Она опустила ноги на холодные каменные плиты, которыми был выложен пол кельи, и потянулась за рясой.
Старый привратник Кристо, единственный мужчина, который жил в монастыре, стоял около огромной дубовой двери. Его глаза слипались от сна и неразвеявшихся паров сливовой настойки.
— Я им сказал, сестра Василика, — пробормотал он, шлепая губами и брызгая слюной, наполнявшей его беззубый рот. — Кто бы там ни был, пусть отправляется на конюшню и ждет там до рассвета. Но ни словечка в ответ, и вот, сама видишь, снова стучат.

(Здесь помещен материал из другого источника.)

(* Let $d\ge 1$ be an integer, let $P\subseteq \mathbb R\times[d]$, and let $\mathcal C_{\equiv}(P)$ be as in the context. For any finite family $\mathcal C\subseteq \mathcal C_{\equiv}(P)$, the nerve of $\mathcal C$ is $(2d-1)$-collapsible.
   Context: $[d]=\{1,\dots,d\}$. A (separated) $d$-interval is a set $I=\bigcup_{i\in[d]}\{(x,i)\in\mathbb R\times[d]: x\in I^{(i)}\}$, where each $I^{(i)}\subseteq\mathbb R$ is a convex set (possibly empty), called the $i$-th level of $I$. For $P\subseteq\mathbb R\times[d]$, $\mathcal C_{\equiv}(P)=\{I\cap P: I\subseteq\mathbb R\times[d]\text{ is a } d\text{-interval}\}$. For a family $\mathcal F=(C_i)_{i\in I}$ of sets indexed by a finite set $I$, its nerve is the abstract simplicial complex $K(\mathcal F)=\{J\subseteq I: \bigcap_{j\in J}C_j\neq\emptyset\}$. The dimension of a face $\alpha$ is $|\alpha|-1$. A face $\sigma$ of a simplicial complex $K$ is free if it is contained in a unique inclusion-maximal face of $K$. An elementary $d$-collapse removes from $K$ a free face $\sigma$ with $\dim\sigma\le d-1$ together with all faces containing it, giving $\mathrm{coll}(K,\sigma)=K\setminus\{\tau\in K:\sigma\subseteq\tau\}$. $K$ is $d$-collapsible if it can be reduced to the empty complex by a sequence of elementary $d$-collapses. *)

theory Defs
  imports "HOL-Analysis.Analysis"
begin

text \<open>Points of R x [d] are pairs (x, i) :: real \<times> nat with level i in {1..d}.\<close>

definition d_interval :: "nat \<Rightarrow> (real \<times> nat) set \<Rightarrow> bool" where
  "d_interval d I \<longleftrightarrow> I \<subseteq> UNIV \<times> {1..d} \<and> (\<forall>i\<in>{1..d}. convex {x. (x, i) \<in> I})"

definition C_equiv :: "nat \<Rightarrow> (real \<times> nat) set \<Rightarrow> (real \<times> nat) set set" where
  "C_equiv d P = {I \<inter> P | I. d_interval d I}"

definition nerve :: "'i set \<Rightarrow> ('i \<Rightarrow> 'a set) \<Rightarrow> 'i set set" where
  "nerve Ix F = {J. J \<subseteq> Ix \<and> (\<Inter>j\<in>J. F j) \<noteq> {}}"

definition maximal_face :: "'a set set \<Rightarrow> 'a set \<Rightarrow> bool" where
  "maximal_face K \<tau> \<longleftrightarrow> \<tau> \<in> K \<and> (\<forall>\<rho>\<in>K. \<tau> \<subseteq> \<rho> \<longrightarrow> \<rho> = \<tau>)"

definition free_face :: "'a set set \<Rightarrow> 'a set \<Rightarrow> bool" where
  "free_face K \<sigma> \<longleftrightarrow> \<sigma> \<in> K \<and> (\<exists>!\<tau>. maximal_face K \<tau> \<and> \<sigma> \<subseteq> \<tau>)"

definition coll :: "'a set set \<Rightarrow> 'a set \<Rightarrow> 'a set set" where
  "coll K \<sigma> = K - {\<tau> \<in> K. \<sigma> \<subseteq> \<tau>}"

text \<open>d-collapsible: reducible to the empty complex by elementary d-collapses,
  i.e. removals of free faces of dimension \<le> d-1, i.e. of cardinality \<le> d.\<close>
inductive collapsible :: "nat \<Rightarrow> 'a set set \<Rightarrow> bool" for d :: nat where
  empty: "collapsible d {}"
| step: "\<lbrakk>free_face K \<sigma>; finite \<sigma>; card \<sigma> \<le> d; collapsible d (coll K \<sigma>)\<rbrakk>
           \<Longrightarrow> collapsible d K"

end

theory Submission
  imports Defs
begin

(* With finitely many members, P can be cut down to a finite set of witness points; every
   member is then a finite set that is convex relative to P on each level, and we induct on
   the total number of points. Pick a level j that occurs and, among the members meeting it,
   one, A, whose level-j part has the leftmost right end r; delete the leftmost point q of A
   on level j. If A has another point on level j, every face whose intersection contains q
   also contains (r, j), so the nerve does not change. Otherwise the faces that disappear are
   those containing A in which, on each of the d - 1 other levels, two members have disjoint
   parts (Helly's theorem on the line). They all lie in the simplex of the members containing
   q, and peeling off one vertex at a time removes them by collapses of faces made of A and at
   most two witnesses per level, i.e. of at most 2d - 1 vertices. *)

definition elementary_collapse :: "nat \<Rightarrow> 'a set set \<Rightarrow> 'a set set \<Rightarrow> bool" where
  "elementary_collapse k K K' \<longleftrightarrow>
     (\<exists>\<sigma>. free_face K \<sigma> \<and> finite \<sigma> \<and> card \<sigma> \<le> k \<and> K' = coll K \<sigma>)"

Он показал на дверь. Размеренный стук повторился.
— А сколько их там? — спросила Илона. — Ты смотрел?
— Я видел только одного. Но остальные ведь могут прятаться. — Он поскреб подбородок, заросший щетиной. — Может быть, разбудить настоятельницу?
— Нет, не надо. — Илона покачала головой. Матушка Игнатия была стара, с трудом вставала с постели.
Поэтому она все чаще и чаще перекладывала все решения на нее, сестру Василику.
— Будить не надо, — повторила Илона. — Я попробую сама разобраться.
Она шагнула к решетке, приоткрыла ее. Лицо, которое монахиня увидела перед собой, заставило ее вздрогнуть, слова застряли в горле.
Перед ней стоял Стойка. Он постарел на четырнадцать лет, минувших с тех пор, как этот самый человек привез Илону в первый ее монастырь. Брови его поседели, морщины испещрили лицо, но голубые глаза и совершенно лысая голова не изменились. Они остались такими же, какими и были в ее памяти, равно как и кивок, который он сделал в знак того, что узнал подругу своего князя, несмотря на то что она тоже очень изменилась.
Илона захлопнула решетку, прижалась к ней лбом и почувствовала, как холодный металл прилипает к ее коже, буквально впиваясь в нее. Все это происходило не во сне. Женщина испытывала настоящую, совершенно реальную боль, совсем не похожую на ту, которую она рисовала себе в мечтаниях.
Хоть монастырь и находился в отдалении, новости все равно приходили сюда рано или поздно. Илона знала, что Влад вернулся в Валахию и победил своего соперника. Хвалу ему воспевали повсюду, в том числе и здесь, в монастыре.
Но совсем недавно, перед тем как разразилась буря, в монастырь пришел дровосек. Он привез дрова и известие о том, что узурпатор Лойота возвращается во главе турецкой армии, а воевода собирается выступить навстречу ему. С той самой минуты она неустанно молилась за него и за себя. Несмотря на все превратности судьбы, в сердце Илоны еще теплилась надежда. Конечно, она понимала, что уже не сможет быть его возлюбленной. Ее знаменитые ярко-каштановые волосы подернула седина, она ходила сутулясь, шрамы изуродовали ее тело. Да и в тех местах, где ран не было, оно обрюзгло и потеряло привлекательность.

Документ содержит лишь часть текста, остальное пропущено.